What if there is a prenup?
Prenups were not as prevalent in 1993 [when the couple got married] as they are today. If they did do one, they could not have possibly conceived that the company would create this kind of wealth. So whatever the agreement might've said then about what would happen, it might not be considered fair today if it gave her minimal assets. The circumstance is amazing, so a prenup might not be enforceable.
Are we sure they'll divorce in Washington state?
Probably, but they have five homes, so they could theoretically get divorced in New York or California. No matter where they do it, I would be very surprised if the parties didn't settle because of the magnitude of money and potential damage a public divorce could have to the company.
What about alimony?
I cannot imagine any possible scenario in which she gets alimony. Consider the net amount involved here. Even if she only got, say, a $1 billion dollars, the interest alone would pay for any conceivable lifestyle and family expenses.
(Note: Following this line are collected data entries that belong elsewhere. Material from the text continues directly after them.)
theorem lemma2p18:
  fixes \<phi> :: "nat \<Rightarrow> 'p::order" and n :: nat
  assumes "nondeg_simplex n \<phi>"
  shows "dcontractible
           (dsubtopology (mapping_space (simplex_top n) (simplex_top n)) (filtered_self_maps n \<phi>))"
proof -
  define id_simplex where "id_simplex = restrict (\<lambda>x. x) (standard_simplex n)"
  have "id_simplex \<in> filtered_self_maps n \<phi>"
    by (auto simp: id_simplex_def filtered_self_maps_def intro: continuous_map_eq[OF continuous_map_id])
  moreover have "linear_homotopy_to_id n (0, f) = f" if "f \<in> filtered_self_maps n \<phi>" for f
    using that by (auto simp: linear_homotopy_to_id_def filtered_self_maps_def extensional_def)
  moreover have "linear_homotopy_to_id n (1, f) = id_simplex" for f
    by (simp add: linear_homotopy_to_id_def id_simplex_def)
  ultimately show ?thesis
    unfolding dcontractible_def topspace_dsubtopology_filtered_self_maps
    using continuous_map_linear_homotopy_to_id_dgen[OF assms] by blast
qed

end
How many lawyers do you think are working on this?
Matrimonial law firms tend to be on the smaller side, but my guess is that in this case each side would have a main lawyer who is a quarterback leading a team of partners and other lawyers working on it. So maybe each side has four additional family lawyers plus many paralegals and accountants. They would also be working very closely with corporate counsel at Amazon as well the company’s accountants. In other words, if you were getting everybody in a room, you would need a big room.
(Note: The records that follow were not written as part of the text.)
(* Let $A$ be a finite set with $|A|=n$. Consider the set of all bijections $f:A\to A$ for which there exists a binary operation $*$ on $A$ such that $(A,* )$ is a cyclic group and $f$ is an automorphism of $(A,* )$. Then these bijections realise at most $\phi(n)$ distinct cycle structures.
   Context: $\phi$ is Euler's totient function. The cycle structure of a bijection $f$ of a finite set is the description of how many cycles of each length $f$ has (a cycle being a sequence $a_1,\dots,a_m$ of distinct elements with $f(a_j)=a_{j+1}$ for $j<m$ and $f(a_m)=a_1$, of length $m$; fixed points are cycles of length $1$). *)

theory Defs
  imports "HOL-Algebra.Elementary_Groups" "HOL-Combinatorics.Orbits" "HOL-Combinatorics.Permutations"
    "HOL-Number_Theory.Totient"
begin

definition cycle_structure :: "'a set \<Rightarrow> ('a \<Rightarrow> 'a) \<Rightarrow> nat \<Rightarrow> nat" where
  "cycle_structure A f = (\<lambda>m. card {C. \<exists>x\<in>A. C = orbit f x \<and> card C = m})"

end

theory Submission
  imports Defs "HOL-Algebra.Multiplicative_Group"
begin

text \<open>If g generates the cyclic group G of order n, an automorphism f is determined by
  f g = g [^] k, and then f (g [^] i) = g [^] (k * i mod n). Transported along the bijection
  i \<mapsto> g [^] i from {..<n}, f becomes multiplication by k modulo n, so its cycle structure
  depends only on k. As f g again has order n, k is coprime to n, which leaves at most
  \<phi>(n) possibilities.\<close>

lemma funpow_conjugate:
  assumes "m ` S \<subseteq> S" and "\<forall>y\<in>S. f (h y) = h (m y)" and "x \<in> S"
  shows "(m ^^ j) x \<in> S \<and> (f ^^ j) (h x) = h ((m ^^ j) x)"
  using assms by (induction j) auto

lemma orbit_conjugate:
  assumes "m ` S \<subseteq> S" and "\<forall>y\<in>S. f (h y) = h (m y)" and "x \<in> S"
  shows "orbit f (h x) = h ` orbit m x" and "orbit m x \<subseteq> S"
  using funpow_conjugate[OF assms] by (auto simp: orbit_altdef)

lemma cycle_structure_conjugate:
  assumes h: "bij_betw h S A" and "m ` S \<subseteq> S" and "\<forall>y\<in>S. f (h y) = h (m y)"
  shows "cycle_structure A f = cycle_structure S m"
proof
  fix j
  note orbit = orbit_conjugate[OF assms(2,3)]
  have card_eq: "card (h ` D) = card D" if "D \<subseteq> S" for D
    using h that by (metis bij_betw_def card_image inj_on_subset)
  have "{C. \<exists>x\<in>A. C = orbit f x \<and> card C = j}
      = image h ` {D. \<exists>y\<in>S. D = orbit m y \<and> card D = j}"
    using bij_betw_imp_surj_on[OF h] orbit card_eq by fastforce
  moreover have "inj_on (image h) {D. \<exists>y\<in>S. D = orbit m y \<and> card D = j}"
    by (rule inj_on_subset[OF inj_on_image_Pow[OF bij_betw_imp_inj_on[OF h]]])
      (use orbit(2) in auto)
  ultimately show "cycle_structure A f j = cycle_structure S m j"
    unfolding cycle_structure_def by (simp add: card_image)
qed

lemma (in group) ord_inj_hom:
  assumes h: "h \<in> hom G H" "inj_on h (carrier G)" and "group H" and x: "x \<in> carrier G"
  shows "group.ord H (h x) = ord x"
proof -
  interpret H: group H by fact
  have "h x [^]\<^bsub>H\<^esub> i = \<one>\<^bsub>H\<^esub> \<longleftrightarrow> ord x dvd i" for i :: nat
  proof -
    have "h x [^]\<^bsub>H\<^esub> i = h (x [^] i)"
      using hom_nat_pow[OF h(1) x is_group H.is_group] by simp
    also have "\<dots> = \<one>\<^bsub>H\<^esub> \<longleftrightarrow> x [^] i = \<one>"
      using h hom_one[OF h(1) is_group H.is_group] x by (metis inj_onD nat_pow_closed one_closed)
    finally show ?thesis
      using pow_eq_id[OF x] by simp
  qed
  then show ?thesis
    using H.ord_unique hom_in_carrier[OF h(1) x] by blast
qed

lemma (in group) pow_mod_ord:
  assumes x: "x \<in> carrier G"
  shows "x [^] (i mod ord x) = x [^] (i :: nat)"
proof -
  have "x [^] i = x [^] (ord x * (i div ord x) + i mod ord x)"
    by simp
  also have "\<dots> = x [^] (i mod ord x)"
    using x by (simp only: nat_pow_mult[symmetric] nat_pow_pow[symmetric] pow_ord_eq_1) simp
  finally show ?thesis by simp
qed

lemma (in group) bij_betw_pow_generate:
  assumes "x \<in> carrier G" and "ord x \<noteq> 0"
  shows "bij_betw (\<lambda>i. x [^] i) {..<ord x} (generate G {x})"
proof -
  have "{..<ord x} = {0..ord x - 1}"
    using assms(2) by auto
  moreover have "generate G {x} = (\<lambda>i. x [^] i) ` {0..ord x - 1}"
    using generate_pow_nat ord_elems_inf_carrier assms by auto
  ultimately show ?thesis
    using assms ord_inj by (simp add: bij_betw_def)
qed

lemma (in group) cycle_structure_cyclic_automorphism:
  assumes "finite (carrier G)" and "cyclic_group G" and "f \<in> iso G G"
  shows "\<exists>k \<in> totatives (order G).
           cycle_structure (carrier G) f = cycle_structure {..<order G} (\<lambda>i. k * i mod order G)"
proof -
  define n where "n = order G"
  obtain g where g: "g \<in> carrier G" and "subgroup_generated G {g} = G"
    using assms(2) unfolding cyclic_group_def by blast
  then have gen: "generate G {g} = carrier G"
    using carrier_subgroup_generated[of G "{g}"] by (metis Int_absorb1 empty_subsetI insert_subset)
  have ord: "ord g = n"
    using generate_pow_card[OF g] gen unfolding n_def order_def by simp
  have "n > 0"
    using ord ord_ge_1[OF assms(1) g] by simp
  have bij: "bij_betw (\<lambda>i. g [^] i) {..<n} (carrier G)"
    using bij_betw_pow_generate[OF g] ord gen \<open>n > 0\<close> by simp
  have hom: "f \<in> hom G G" and inj: "inj_on f (carrier G)"
    using assms(3) by (auto simp: iso_def bij_betw_def)
  obtain k0 where "k0 < n" and "f g = g [^] k0"
    using bij hom_in_carrier[OF hom g] by (auto simp: bij_betw_def)
  \<comment> \<open>if k0 = 0 take k = n instead, as totatives n excludes 0\<close>
  then obtain k where k: "0 < k" "k \<le> n" and fg: "f g = g [^] k"
    using ord pow_ord_eq_1[OF g] by (metis le_less nat_pow_0 neq0_conv)
  have "coprime k n"
    using ord_inj_hom[OF hom inj is_group g] fg pow_ord_eq_ord_iff[OF assms(1) g] ord by simp
  with k have "k \<in> totatives n"
    by (simp add: in_totatives_iff)
  moreover have "f (g [^] i) = g [^] (k * i mod n)" for i :: nat
    using hom_nat_pow[OF hom g is_group is_group] fg g pow_mod_ord[OF g] ord
    by (simp add: nat_pow_pow)
  then have "cycle_structure (carrier G) f = cycle_structure {..<n} (\<lambda>i. k * i mod n)"
    using \<open>n > 0\<close> by (intro cycle_structure_conjugate[OF bij]) auto
  ultimately show ?thesis
    unfolding n_def by blast
qed

theorem corollary2p2:
  fixes A :: "'a set" and n :: nat
  assumes "finite A" and "card A = n"
  shows "card (cycle_structure A ` {f. f permutes A \<and>
            (\<exists>G :: 'a monoid. carrier G = A \<and> group G \<and> cyclic_group G \<and> f \<in> iso G G)})
         \<le> totient n"
proof -
  let ?auts = "{f. f permutes A \<and>
            (\<exists>G :: 'a monoid. carrier G = A \<and> group G \<and> cyclic_group G \<and> f \<in> iso G G)}"
  let ?mult = "\<lambda>k. cycle_structure {..<n} (\<lambda>i. k * i mod n)"
  have "cycle_structure A ` ?auts \<subseteq> ?mult ` totatives n"
  proof (rule image_subsetI)
    fix f
    assume "f \<in> ?auts"
    then obtain G :: "'a monoid"
      where "carrier G = A" "group G" "cyclic_group G" "f \<in> iso G G"
      by blast
    then show "cycle_structure A f \<in> ?mult ` totatives n"
      using group.cycle_structure_cyclic_automorphism[of G f] assms
      by (force simp: order_def)
  qed
  then have "card (cycle_structure A ` ?auts) \<le> card (?mult ` totatives n)"
    by (intro card_mono) auto
  also have "\<dots> \<le> totient n"
    unfolding totient_def by (rule card_image_le) simp
  finally show ?thesis .
qed

end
Along with personal lawyers and bankers, who else will they hire?
They probably have a PR firm to manage the press. If MacKenzie let Jeff manage most of the money, then she’ll probably want to get some top financial advisors because she’ll all of a sudden have control over $20, $30, $50 billion. Plus a philanthropy expert to help to divide up any foundations. They might talk to a therapist about the best way to minimize the effect on the children and come up with a co-parenting schedule.
What if they disagree on how much they have?
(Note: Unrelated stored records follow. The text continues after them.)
text \<open>Call \<open>\<delta>(G) = \<Sum>\<^sub>v (n - 2 - deg v)\<close> the deficiency of a graph \<open>G\<close> on \<open>p\<close> vertices,
  so that \<open>2|E(G)| = (n - 2)p - \<delta>(G)\<close>. By induction on \<open>p\<close>, every \<open>T\<^sub>n\<^sup>3\<close>-free \<open>G\<close>
  satisfies \<open>\<delta>(G) \<ge> \<phi>(p)\<close>, where \<open>\<phi>(p) = min (5r) ((n - 6)(n - 1 - r))\<close> with
  \<open>r = p mod (n - 1)\<close> is subadditive. The key local fact is that for an edge \<open>vu\<close> with
  \<open>deg v \<ge> n - 4\<close> and \<open>deg u \<ge> 4\<close>, \<open>deg v\<close> plus the number of neighbours of \<open>u\<close> outside
  \<open>N[v]\<close> is at most \<open>n - 2\<close>, since otherwise \<open>T\<^sub>n\<^sup>3\<close> embeds with \<open>v\<^sub>0 = v\<close>, \<open>v\<^sub>1 = u\<close>.
  If some vertex has degree at least \<open>n - 3\<close>, this shows that a vertex \<open>v\<close> of maximum degree
  has a set \<open>S \<supseteq> N[v]\<close> (with at most one extra vertex) whose share of \<open>\<delta>(G)\<close>, counting the
  edges leaving \<open>S\<close> against it, is at least \<open>\<phi>(|S|)\<close>; deleting \<open>S\<close> completes the induction
  step. If all degrees are at most \<open>n - 4\<close>, the bound follows by counting the vertices of
  degree exactly \<open>n - 4\<close>. For \<open>p \<equiv> n - 6 (mod n - 1)\<close> we have \<open>\<phi>(p) = 5(n - 6)\<close>, attained by
  disjoint cliques \<open>K\<^sub>n\<^sub>-\<^sub>1\<close> together with one \<open>K\<^sub>n\<^sub>-\<^sub>6\<close>.\<close>
definition neighbours :: "'a set set \<Rightarrow> 'a \<Rightarrow> 'a set" where
  "neighbours E v = {u. {v, u} \<in> E}"

definition degree :: "'a set set \<Rightarrow> 'a \<Rightarrow> nat" where
  "degree E v = card (neighbours E v)"

lemma simple_graph_on_finite: "simple_graph_on V E \<Longrightarrow> finite V"
  unfolding simple_graph_on_def by auto

lemma neighbours_subset: "simple_graph_on V E \<Longrightarrow> neighbours E v \<subseteq> V"
  unfolding simple_graph_on_def neighbours_def by (auto simp: doubleton_eq_iff)

lemma finite_neighbours:
  assumes "simple_graph_on V E"
  shows "finite (neighbours E v)"
  using assms by (meson neighbours_subset simple_graph_on_finite finite_subset)

lemma not_in_neighbours: "simple_graph_on V E \<Longrightarrow> v \<notin> neighbours E v"
  unfolding simple_graph_on_def neighbours_def by (auto simp: doubleton_eq_iff)

lemma neighbours_sym: "u \<in> neighbours E v \<longleftrightarrow> v \<in> neighbours E u"
  unfolding neighbours_def by (simp add: insert_commute)

lemma card_closed_neighbourhood:
  assumes "simple_graph_on V E"
  shows "card (insert v (neighbours E v)) = Suc (degree E v)"
  using not_in_neighbours[OF assms] finite_neighbours[OF assms] by (simp add: degree_def)

lemma degree_less_card:
  assumes "simple_graph_on V E" and "v \<in> V"
  shows "degree E v < card V"
proof -
  have "insert v (neighbours E v) \<subseteq> V"
    using assms neighbours_subset by fast
  then have "card (insert v (neighbours E v)) \<le> card V"
    by (rule card_mono[OF simple_graph_on_finite[OF assms(1)]])
  then show ?thesis using card_closed_neighbourhood[OF assms(1)] by simp
qed

lemma card_neighbours_Int:
  assumes "finite B"
  shows "card (neighbours E a \<inter> B) = (\<Sum>b\<in>B. if {a, b} \<in> E then 1 else 0)"
proof -
  have "neighbours E a \<inter> B = {b \<in> B. {a, b} \<in> E}"
    unfolding neighbours_def by auto
  then show ?thesis
    using sum.inter_filter[OF assms, of "\<lambda>_. 1::nat" "\<lambda>b. {a, b} \<in> E"] by simp
qed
They could agree to hire a neutral forensic accountant, someone that everybody respects, and let that person come up with a value of their assets. When you do that, you're usually not bound by the number, but the idea is that if the accountant is working for both parties they'll do the right thing for both parties. It's more likely that each side would get their own forensic accountant and then try to reconcile the different numbers.
What if one of them is mad?
Even if somebody engages in bad conduct during a marriage, most states, including Washington and New York, are “no fault.” That means there is no way to get a larger distribution of marital property by proving fault.
When divorce attorneys go to sleep at night, do they dream about getting the call to work on this case? Is it the Super Bowl?
It will definitely go into the record books. There are challenges when you're dealing with these kinds of numbers and issues and personalities, but it does put you in a different discussion in terms of future cases. It's a double-edged sword because you're under a microscope. You better win.